theorem lemma1:
  fixes \<Delta> :: real
  assumes "\<Delta> > 0"
  shows "\<exists>c::real. c > 0 \<and> (\<exists>\<epsilon> :: nat \<Rightarrow> real. \<epsilon> \<longlonglongrightarrow> 0 \<and>
    (\<forall>\<^sub>F M in sequentially. \<forall>a :: nat set \<Rightarrow> complex.
       normalized M (pm_state M a) \<and>
       (\<forall>S\<in>bitstrings M. a S \<noteq> 0 \<longrightarrow> real (card S) \<le> c * real M)
       \<longrightarrow> (\<Sum>Y\<in>{Y\<in>bitstrings M. real (card Y) < real M * (1/2 - \<Delta>)
                                  \<or> real (card Y) > real M * (1/2 + \<Delta>)}.
              outcome_prob M (pm_state M a) Y) \<le> \<epsilon> M))"
proof -
  define d where "d = min \<Delta> (1/2)"
  define q where "q = (2 - d) / (1 - d) powr (1/2 - d)"
  have d: "0 < d" "d \<le> 1/2" "d \<le> \<Delta>"
    using assms by (auto simp: d_def)
  have q: "0 < q" "q < 2"
    using d lower_tail_base_lt_two[of d] by (auto simp: q_def)
  then obtain z c where z: "0 < z" "z \<le> 1" and c: "0 < c" and g: "(1 + z) / z powr c < 2 / q"
    using exists_small_fraction_base[of "2 / q"] by auto
  define \<theta> where "\<theta> = q * ((1 + z) / z powr c) / 2"
  have "0 < \<theta>"
    using q z by (simp add: \<theta>_def)
  moreover have "\<theta> < 1"
    using q z g by (simp add: \<theta>_def field_simps)
  ultimately have lim: "(\<lambda>M. 2 * \<theta> ^ M) \<longlonglongrightarrow> 0"
    by (intro tendsto_mult_right_zero LIMSEQ_power_zero) simp
  have "(\<Sum>Y\<in>{Y\<in>bitstrings M. real (card Y) < real M * (1/2 - \<Delta>) \<or> real (card Y) > real M * (1/2 + \<Delta>)}.
           outcome_prob M (pm_state M a) Y) \<le> 2 * \<theta> ^ M"
    if "normalized M (pm_state M a)" "\<forall>S\<in>bitstrings M. a S \<noteq> 0 \<longrightarrow> real (card S) \<le> c * real M" for M a
    using order_trans[OF sum_unbalanced_outcome_prob_mono[OF d(3)] prob_unbalanced_outcome_le[OF d(1,2) z that]]
    by (simp add: \<theta>_def q_def)
  then show ?thesis
    using c lim by (intro exI[of _ c] conjI exI[of _ "\<lambda>M. 2 * \<theta> ^ M"] always_eventually allI impI) auto
qed

end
*****
» About this task
From the data above, return every line from the line that has "by (intro tendsto_mult_right_zero" up to and including the line that has "outcome_prob M (pm_state M a) Y) \<le> 2", exactly.

» Result of this exercise
    by (intro tendsto_mult_right_zero LIMSEQ_power_zero) simp
  have "(\<Sum>Y\<in>{Y\<in>bitstrings M. real (card Y) < real M * (1/2 - \<Delta>) \<or> real (card Y) > real M * (1/2 + \<Delta>)}.
           outcome_prob M (pm_state M a) Y) \<le> 2 * \<theta> ^ M"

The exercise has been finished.